次いで私はルーカスに、カーヤについてどう思っているのか尋ねた。
「正直言って嫌いにはなれない。あの子自体は凄く良い子だし、こっちに悪意があるとはとても思えないんだ。それに、僕に関しては害を与えるとも考えにくい。だから、カーヤとはこれまで通りに接するよ。それに、アンナのうみだした存在が僕にも見えるなんて、なんだか運命みたいなものを感じちゃうし」
ルーカスは、申し訳なさそうに眉を下げたかと思うと、最後の方では嬉しそうに微笑んで、そう語った。
彼の相変わらずのポジティブ思考と屈強なメンタルには、この時にはさすがに感服せざるを得なかった。それとも、ルーカスは、私を不安にさせない為にもそういうふうに振舞ってくれているのだろうか。そんなことも考えた。

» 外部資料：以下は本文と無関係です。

lemma jac_Ftilde_Inr_Inr:
  fixes w :: "'n::finite + 'n \<times> 'n \<Rightarrow> complex"
  shows "jac (Ftilde d Fc) w $ Inr x $ Inr y = (if y = x then 1 else 0)"
proof -
  obtain i j where y: "y = (i, j)" by (cases y)
  have Inl_part: "w(Inr x := t) \<circ> Inl = w \<circ> Inl" for t
    by (simp add: fun_eq_iff)
  have "((\<lambda>t. Ftilde d Fc (w(Inr x := t)) (Inr y)) has_field_derivative
      (if (Inr y :: 'n + 'n \<times> 'n) = Inr x then 1 else 0) - 0) (at (w (Inr x)))"
    unfolding y Ftilde_Inr Inl_part by (intro DERIV_diff has_field_derivative_fun_upd DERIV_const)
  then have "partial (\<lambda>w. Ftilde d Fc w (Inr y)) (Inr x) w
      = (if (Inr y :: 'n + 'n \<times> 'n) = Inr x then 1 else 0) - 0"
    by (rule partial_eqI)
  then show ?thesis by (simp add: jac_def)
qed

lemma jac_Ftilde_Inl_Inl:
  fixes w :: "'n::finite + 'n \<times> 'n \<Rightarrow> complex"
  shows "jac (Ftilde d Fc) w $ Inl a $ Inl i = w (Inr (i, a))"
proof -
  have Inr_part: "(w(Inl a := t)) (Inr p) = w (Inr p)" for t p
    by simp
  have "((\<lambda>t. Ftilde d Fc (w(Inl a := t)) (Inl i)) has_field_derivative
      (\<Sum>j\<in>UNIV. w (Inr (i, j)) * (if (Inl j :: 'n + 'n \<times> 'n) = Inl a then 1 else 0))) (at (w (Inl a)))"
    unfolding Ftilde_Inl Inr_part by (intro DERIV_sum DERIV_cmult has_field_derivative_fun_upd)
  then have "partial (\<lambda>w. Ftilde d Fc w (Inl i)) (Inl a) w
      = (\<Sum>j\<in>UNIV. w (Inr (i, j)) * (if (Inl j :: 'n + 'n \<times> 'n) = Inl a then 1 else 0))"
    by (rule partial_eqI)
  then show ?thesis by (simp add: jac_def mult_if_one_zero)
qed

lemma jac_Ftilde_Inr_Inl:
  fixes w :: "'n::finite + 'n \<times> 'n \<Rightarrow> complex"
  shows "jac (Ftilde d Fc) w $ Inr y $ Inl i = (if fst y = i then w (Inl (snd y)) else 0)"
proof -
  obtain p q where y: "y = (p, q)" by (cases y)
  have Inl_part: "(w(Inr y := t)) (Inl j) = w (Inl j)" for t j
    by simp
  have "((\<lambda>t. Ftilde d Fc (w(Inr y := t)) (Inl i)) has_field_derivative
      (\<Sum>j\<in>UNIV. (if (Inr (i, j) :: 'n + 'n \<times> 'n) = Inr y then 1 else 0) * w (Inl j))) (at (w (Inr y)))"
    unfolding Ftilde_Inl Inl_part by (intro DERIV_sum DERIV_cmult_right has_field_derivative_fun_upd)
  then have "partial (\<lambda>w. Ftilde d Fc w (Inl i)) (Inr y) w
      = (\<Sum>j\<in>UNIV. (if (Inr (i, j) :: 'n + 'n \<times> 'n) = Inr y then 1 else 0) * w (Inl j))"
    by (rule partial_eqI)
  then show ?thesis by (cases "p = i") (simp_all add: jac_def y mult_if_one_zero)
qed

locale homogeneous_decomposition =
  fixes F :: "('n::finite \<Rightarrow> complex) \<Rightarrow> ('n \<Rightarrow> complex)"
    and Fc :: "nat \<Rightarrow> ('n \<Rightarrow> complex) \<Rightarrow> ('n \<Rightarrow> complex)"
    and d :: nat
  assumes hom_poly_component: "\<And>c i. c \<in> {1..d+1} \<Longrightarrow> hom_poly c (\<lambda>z. Fc c z i)"
    and F_eq_sum: "\<And>z i. F z i = (\<Sum>c\<in>{1..d+1}. Fc c z i)"
begin

abbreviation lift :: "('n \<Rightarrow> complex) \<Rightarrow> ('n + 'n \<times> 'n \<Rightarrow> complex)" where
  "lift z1 \<equiv> case_sum z1 (Rinv d Fc z1 (\<lambda>_. 0))"

lemma poly_fun_euler_coeff: "poly_fun d (euler_coeff d Fc i j)"
  unfolding euler_coeff_def
proof (intro poly_fun_sum poly_fun_cmult)
  fix c assume c: "c \<in> {1..d+1}"
  then have "poly_fun (c - 1) (partial (\<lambda>x. Fc c x i) j)"
    by (intro poly_fun_partial hom_poly_imp_poly_fun hom_poly_component)
  then show "poly_fun d (partial (\<lambda>x. Fc c x i) j)"
    by (rule poly_fun_mono[rotated]) (use c in auto)
qed simp

text \<open>By Euler's identity \<open>\<Sum>j z_j \<partial>_j F_c = c F_c\<close> for each homogeneous component.\<close>
lemma sum_mult_euler_coeff: "(\<Sum>j\<in>UNIV. z j * euler_coeff d Fc i j z) = F z i"
proof -
  have "(\<Sum>j\<in>UNIV. z j * euler_coeff d Fc i j z)
      = (\<Sum>c\<in>{1..d+1}. (1 / of_nat c) * (\<Sum>j\<in>UNIV. z j * partial (\<lambda>x. Fc c x i) j z))"
    unfolding euler_coeff_def sum_distrib_left by (subst sum.swap) (simp add: ac_simps)
  also have "\<dots> = (\<Sum>c\<in>{1..d+1}. Fc c z i)"
  proof (rule sum.cong[OF refl])
    fix c assume c: "c \<in> {1..d+1}"
    then have "(\<Sum>j\<in>UNIV. z j * partial (\<lambda>x. Fc c x i) j z) = of_nat c * Fc c z i"
      by (intro hom_poly_euler hom_poly_component)
    then show "(1 / of_nat c) * (\<Sum>j\<in>UNIV. z j * partial (\<lambda>x. Fc c x i) j z) = Fc c z i"
      using c by simp
  qed
  finally show ?thesis by (simp add: F_eq_sum)
qed

lemma poly_map_Ftilde:
  assumes "2 \<le> d"
  shows "poly_map d (Ftilde d Fc)"
  unfolding poly_map_def
proof
  fix k :: "'n + 'n \<times> 'n"
  have var: "poly_fun d (\<lambda>w::'n + 'n \<times> 'n \<Rightarrow> complex. w l)" for l
    using assms by (intro poly_fun_mono[OF _ poly_fun_var]) simp
  show "poly_fun d (\<lambda>w. Ftilde d Fc w k)"
  proof (cases k)
    case (Inl i)
    have "poly_fun (1 + 1) (\<lambda>w::'n + 'n \<times> 'n \<Rightarrow> complex. w (Inr (i, j)) * w (Inl j))" for j
      by (intro poly_fun_mult poly_fun_var)
    then have "poly_fun d (\<lambda>w::'n + 'n \<times> 'n \<Rightarrow> complex. w (Inr (i, j)) * w (Inl j))" for j
      by (rule poly_fun_mono[rotated]) (use assms in simp)
    then show ?thesis
      unfolding Inl Ftilde_Inl by (intro poly_fun_sum) simp_all
  next
    case (Inr ij)
    have "poly_fun (d * 1) (\<lambda>w::'n + 'n \<times> 'n \<Rightarrow> complex. euler_coeff d Fc i j (\<lambda>l. w (Inl l)))" for i j
      by (intro poly_fun_compose poly_fun_euler_coeff poly_fun_var)
    then show ?thesis
      unfolding Inr by (cases ij) (simp add: Ftilde_Inr o_def poly_fun_diff var)
  qed
qed

lemma poly_map_lift:
  assumes "1 \<le> d"
  shows "poly_map d lift"
  unfolding poly_map_def
proof
  fix k :: "'n + 'n \<times> 'n"
  show "poly_fun d (\<lambda>z1. lift z1 k)"
  proof (cases k)
    case (Inl i)
    then show ?thesis using poly_fun_mono[OF assms poly_fun_var] by simp
  next
    case (Inr ij)
    then show ?thesis by (simp add: Rinv_apply poly_fun_euler_coeff)
  qed
qed

lemma Ftilde_lift: "Ftilde d Fc (lift z1) = case_sum (F z1) (\<lambda>_. 0)"
proof
  fix k show "Ftilde d Fc (lift z1) k = case_sum (F z1) (\<lambda>_. 0) k"
  proof (cases k)
    case (Inl i)
    then show ?thesis by (simp add: Ftilde_Inl Rinv_apply mult.commute sum_mult_euler_coeff)
  next
    case (Inr ij)
    then show ?thesis by (cases ij) (simp add: Ftilde_Inr Rinv_apply o_def)
  qed
qed

lemma jac_Ftilde_Inl_Inr:
  "jac (Ftilde d Fc) w $ Inl a $ Inr y = - partial (euler_coeff d Fc (fst y) (snd y)) a (w \<circ> Inl)"
proof -
  obtain i j where y: "y = (i, j)" by (cases y)
  have Inl_part: "w(Inl a := t) \<circ> Inl = (w \<circ> Inl)(a := t)"
    and Inr_part: "(w(Inl a := t)) (Inr (i, j)) = w (Inr (i, j))" for t
    by (simp_all add: fun_eq_iff)
  have "((\<lambda>t. Ftilde d Fc (w(Inl a := t)) (Inr y)) has_field_derivative
      0 - partial (euler_coeff d Fc i j) a ((w \<circ> Inl)(a := w (Inl a)))) (at (w (Inl a)))"
    unfolding y Ftilde_Inr Inl_part Inr_part
    by (intro DERIV_diff DERIV_const has_field_derivative_partial[OF poly_fun_euler_coeff])
  then have "partial (\<lambda>w. Ftilde d Fc w (Inr y)) (Inl a) w
      = 0 - partial (euler_coeff d Fc i j) a ((w \<circ> Inl)(a := w (Inl a)))"
    by (rule partial_eqI)
  moreover have "(w \<circ> Inl)(a := w (Inl a)) = w \<circ> Inl"
    by (simp add: fun_eq_iff)
  ultimately show ?thesis by (simp add: jac_def y)
qed

text \<open>Differentiating \<open>F_i(z) = \<Sum>q z_q Q_iq(z)\<close> with respect to \<open>z_a\<close>.\<close>
lemma jac_F:
  "jac F z $ a $ i = euler_coeff d Fc i a z + (\<Sum>q\<in>UNIV. z q * partial (euler_coeff d Fc i q) a z)"
proof -
  have "((\<lambda>t. F (z(a := t)) i) has_field_derivative
      (\<Sum>q\<in>UNIV. (if q = a then 1 else 0) * euler_coeff d Fc i q (z(a := z a))
          + partial (euler_coeff d Fc i q) a (z(a := z a)) * (z(a := z a)) q)) (at (z a))"
    unfolding sum_mult_euler_coeff[symmetric]
    by (intro DERIV_sum DERIV_mult has_field_derivative_fun_upd
        has_field_derivative_partial[OF poly_fun_euler_coeff])
  then have "partial (\<lambda>w. F w i) a z = (\<Sum>q\<in>UNIV. (if q = a then 1 else 0) * euler_coeff d Fc i q z
      + partial (euler_coeff d Fc i q) a z * z q)"
    by (intro partial_eqI[where f="\<lambda>w. F w i"]) simp
  then show ?thesis by (simp add: jac_def sum.distrib mult_if_one_zero mult.commute)
qed

lemma jac_det_Ftilde_lift: "jac_det (Ftilde d Fc) (lift z1) = jac_det F z1"
proof -
  let ?M = "jac (Ftilde d Fc) (lift z1)"
  have "jac_det (Ftilde d Fc) (lift z1)
      = det (\<chi> a i. ?M $ Inl a $ Inl i - (\<Sum>y\<in>UNIV. ?M $ Inl a $ Inr y * ?M $ Inr y $ Inl i))"
    unfolding jac_det_def by (rule det_schur_complement) (rule jac_Ftilde_Inr_Inr)
  also have "(\<chi> a i. ?M $ Inl a $ Inl i - (\<Sum>y\<in>UNIV. ?M $ Inl a $ Inr y * ?M $ Inr y $ Inl i)) = jac F z1"
  proof -
    have "(\<Sum>y\<in>UNIV. ?M $ Inl a $ Inr y * ?M $ Inr y $ Inl i)
        = - (\<Sum>q\<in>UNIV. z1 q * partial (euler_coeff d Fc i q) a z1)" for a i
    proof -
      have "(\<Sum>y\<in>UNIV. ?M $ Inl a $ Inr y * ?M $ Inr y $ Inl i)
          = - (\<Sum>y\<in>UNIV. partial (euler_coeff d Fc (fst y) (snd y)) a z1
              * (if fst y = i then z1 (snd y) else 0))"
        by (simp add: jac_Ftilde_Inl_Inr jac_Ftilde_Inr_Inl o_def sum_negf cong: if_cong)
      also have "\<dots> = - (\<Sum>q\<in>UNIV. partial (euler_coeff d Fc i q) a z1 * z1 q)"
        by (subst sum_prod_delta_fst) simp
      finally show ?thesis by (simp add: mult.commute)
    qed
    then show ?thesis
      by (simp add: vec_eq_iff jac_Ftilde_Inl_Inl Rinv_apply jac_F)
  qed
  finally show ?thesis by (simp add: jac_det_def)
qed

end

なぜって、ここまで不可思議な現象が起こっているというのに、平然としていられる人間なんてそうそういない筈だ。その為当然、私とまではいかないまでも、ルーカスにもそれ相応の恐怖はあるだろう。
それとも、カーヤの可憐な容姿と立ち振る舞いの愛らしさが、ルーカスの恐怖心を打ち消しているのだろうか。もしもそうだったとしたら、カーヤにもルーカスにも腹が立つ思いだった。
どうせならルーカスには、カーヤとはもう会わないで欲しい、そう言いたかったが、さすがにそこまで要求するのは憚られた。きっとルーカスならば私の願いを聞いてくれるだろう、そんな都合の良い事を考えたりもしたが、もうこれ以上、彼を私のエゴで振り回したくなかったのだ。